● **EXERCISE DIRECTIONS**:
A complete, exact retyping of the data below is required.

● **SUPPLIED DATA**:
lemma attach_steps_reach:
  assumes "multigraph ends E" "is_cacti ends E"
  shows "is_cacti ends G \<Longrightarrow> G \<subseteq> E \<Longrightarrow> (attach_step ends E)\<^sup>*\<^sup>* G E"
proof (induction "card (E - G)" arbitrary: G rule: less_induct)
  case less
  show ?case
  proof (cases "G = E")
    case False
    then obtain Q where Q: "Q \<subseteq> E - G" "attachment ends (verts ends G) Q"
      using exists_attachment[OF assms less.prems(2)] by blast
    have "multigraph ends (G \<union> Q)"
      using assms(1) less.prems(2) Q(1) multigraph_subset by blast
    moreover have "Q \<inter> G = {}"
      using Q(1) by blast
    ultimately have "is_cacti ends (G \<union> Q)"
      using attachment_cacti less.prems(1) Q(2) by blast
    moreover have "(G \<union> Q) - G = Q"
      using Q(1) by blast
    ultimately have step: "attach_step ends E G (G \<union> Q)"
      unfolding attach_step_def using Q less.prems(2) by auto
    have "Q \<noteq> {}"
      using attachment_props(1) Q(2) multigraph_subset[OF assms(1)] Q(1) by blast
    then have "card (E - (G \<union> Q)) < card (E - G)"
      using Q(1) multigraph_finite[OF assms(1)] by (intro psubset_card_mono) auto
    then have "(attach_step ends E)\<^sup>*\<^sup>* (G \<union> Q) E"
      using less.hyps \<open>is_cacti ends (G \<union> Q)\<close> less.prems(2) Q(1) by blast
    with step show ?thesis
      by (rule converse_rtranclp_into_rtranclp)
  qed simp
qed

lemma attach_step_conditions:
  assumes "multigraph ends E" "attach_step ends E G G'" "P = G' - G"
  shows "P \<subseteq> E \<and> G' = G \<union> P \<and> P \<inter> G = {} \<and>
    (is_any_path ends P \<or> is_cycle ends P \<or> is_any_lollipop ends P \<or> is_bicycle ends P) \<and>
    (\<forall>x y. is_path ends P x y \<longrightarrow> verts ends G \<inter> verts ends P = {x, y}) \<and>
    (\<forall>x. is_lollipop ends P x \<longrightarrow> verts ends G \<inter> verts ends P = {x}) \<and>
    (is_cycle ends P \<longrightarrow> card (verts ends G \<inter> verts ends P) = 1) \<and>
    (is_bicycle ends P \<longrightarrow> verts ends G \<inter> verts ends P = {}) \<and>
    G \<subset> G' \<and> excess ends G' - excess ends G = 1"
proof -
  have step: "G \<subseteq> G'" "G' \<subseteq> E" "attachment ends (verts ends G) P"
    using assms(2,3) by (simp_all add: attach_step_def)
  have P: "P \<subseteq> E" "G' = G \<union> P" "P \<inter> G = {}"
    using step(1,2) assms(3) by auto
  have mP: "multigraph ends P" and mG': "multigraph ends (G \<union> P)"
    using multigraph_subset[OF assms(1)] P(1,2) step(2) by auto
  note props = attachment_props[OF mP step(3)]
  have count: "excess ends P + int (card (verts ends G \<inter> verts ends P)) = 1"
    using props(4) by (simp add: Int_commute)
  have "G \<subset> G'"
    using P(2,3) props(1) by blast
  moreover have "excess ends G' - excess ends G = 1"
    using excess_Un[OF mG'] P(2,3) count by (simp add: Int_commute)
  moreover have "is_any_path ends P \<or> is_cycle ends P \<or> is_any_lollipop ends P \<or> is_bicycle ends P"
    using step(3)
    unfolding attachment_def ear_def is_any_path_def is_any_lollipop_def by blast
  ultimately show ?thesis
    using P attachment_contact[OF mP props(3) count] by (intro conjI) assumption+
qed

● **TASK SOLUTION**:
lemma attach_steps_reach:
  assumes "multigraph ends E" "is_cacti ends E"
  shows "is_cacti ends G \<Longrightarrow> G \<subseteq> E \<Longrightarrow> (attach_step ends E)\<^sup>*\<^sup>* G E"
proof (induction "card (E - G)" arbitrary: G rule: less_induct)
  case less
  show ?case
  proof (cases "G = E")
    case False
    then obtain Q where Q: "Q \<subseteq> E - G" "attachment ends (verts ends G) Q"
      using exists_attachment[OF assms less.prems(2)] by blast
    have "multigraph ends (G \<union> Q)"
      using assms(1) less.prems(2) Q(1) multigraph_subset by blast
    moreover have "Q \<inter> G = {}"
      using Q(1) by blast
    ultimately have "is_cacti ends (G \<union> Q)"
      using attachment_cacti less.prems(1) Q(2) by blast
    moreover have "(G \<union> Q) - G = Q"
      using Q(1) by blast
    ultimately have step: "attach_step ends E G (G \<union> Q)"
      unfolding attach_step_def using Q less.prems(2) by auto
    have "Q \<noteq> {}"
      using attachment_props(1) Q(2) multigraph_subset[OF assms(1)] Q(1) by blast
    then have "card (E - (G \<union> Q)) < card (E - G)"
      using Q(1) multigraph_finite[OF assms(1)] by (intro psubset_card_mono) auto
    then have "(attach_step ends E)\<^sup>*\<^sup>* (G \<union> Q) E"
      using less.hyps \<open>is_cacti ends (G \<union> Q)\<close> less.prems(2) Q(1) by blast
    with step show ?thesis
      by (rule converse_rtranclp_into_rtranclp)
  qed simp
qed

lemma attach_step_conditions:
  assumes "multigraph ends E" "attach_step ends E G G'" "P = G' - G"
  shows "P \<subseteq> E \<and> G' = G \<union> P \<and> P \<inter> G = {} \<and>
    (is_any_path ends P \<or> is_cycle ends P \<or> is_any_lollipop ends P \<or> is_bicycle ends P) \<and>
    (\<forall>x y. is_path ends P x y \<longrightarrow> verts ends G \<inter> verts ends P = {x, y}) \<and>
    (\<forall>x. is_lollipop ends P x \<longrightarrow> verts ends G \<inter> verts ends P = {x}) \<and>
    (is_cycle ends P \<longrightarrow> card (verts ends G \<inter> verts ends P) = 1) \<and>
    (is_bicycle ends P \<longrightarrow> verts ends G \<inter> verts ends P = {}) \<and>
    G \<subset> G' \<and> excess ends G' - excess ends G = 1"
proof -
  have step: "G \<subseteq> G'" "G' \<subseteq> E" "attachment ends (verts ends G) P"
    using assms(2,3) by (simp_all add: attach_step_def)
  have P: "P \<subseteq> E" "G' = G \<union> P" "P \<inter> G = {}"
    using step(1,2) assms(3) by auto
  have mP: "multigraph ends P" and mG': "multigraph ends (G \<union> P)"
    using multigraph_subset[OF assms(1)] P(1,2) step(2) by auto
  note props = attachment_props[OF mP step(3)]
  have count: "excess ends P + int (card (verts ends G \<inter> verts ends P)) = 1"
    using props(4) by (simp add: Int_commute)
  have "G \<subset> G'"
    using P(2,3) props(1) by blast
  moreover have "excess ends G' - excess ends G = 1"
    using excess_Un[OF mG'] P(2,3) count by (simp add: Int_commute)
  moreover have "is_any_path ends P \<or> is_cycle ends P \<or> is_any_lollipop ends P \<or> is_bicycle ends P"
    using step(3)
    unfolding attachment_def ear_def is_any_path_def is_any_lollipop_def by blast
  ultimately show ?thesis
    using P attachment_contact[OF mP props(3) count] by (intro conjI) assumption+
qed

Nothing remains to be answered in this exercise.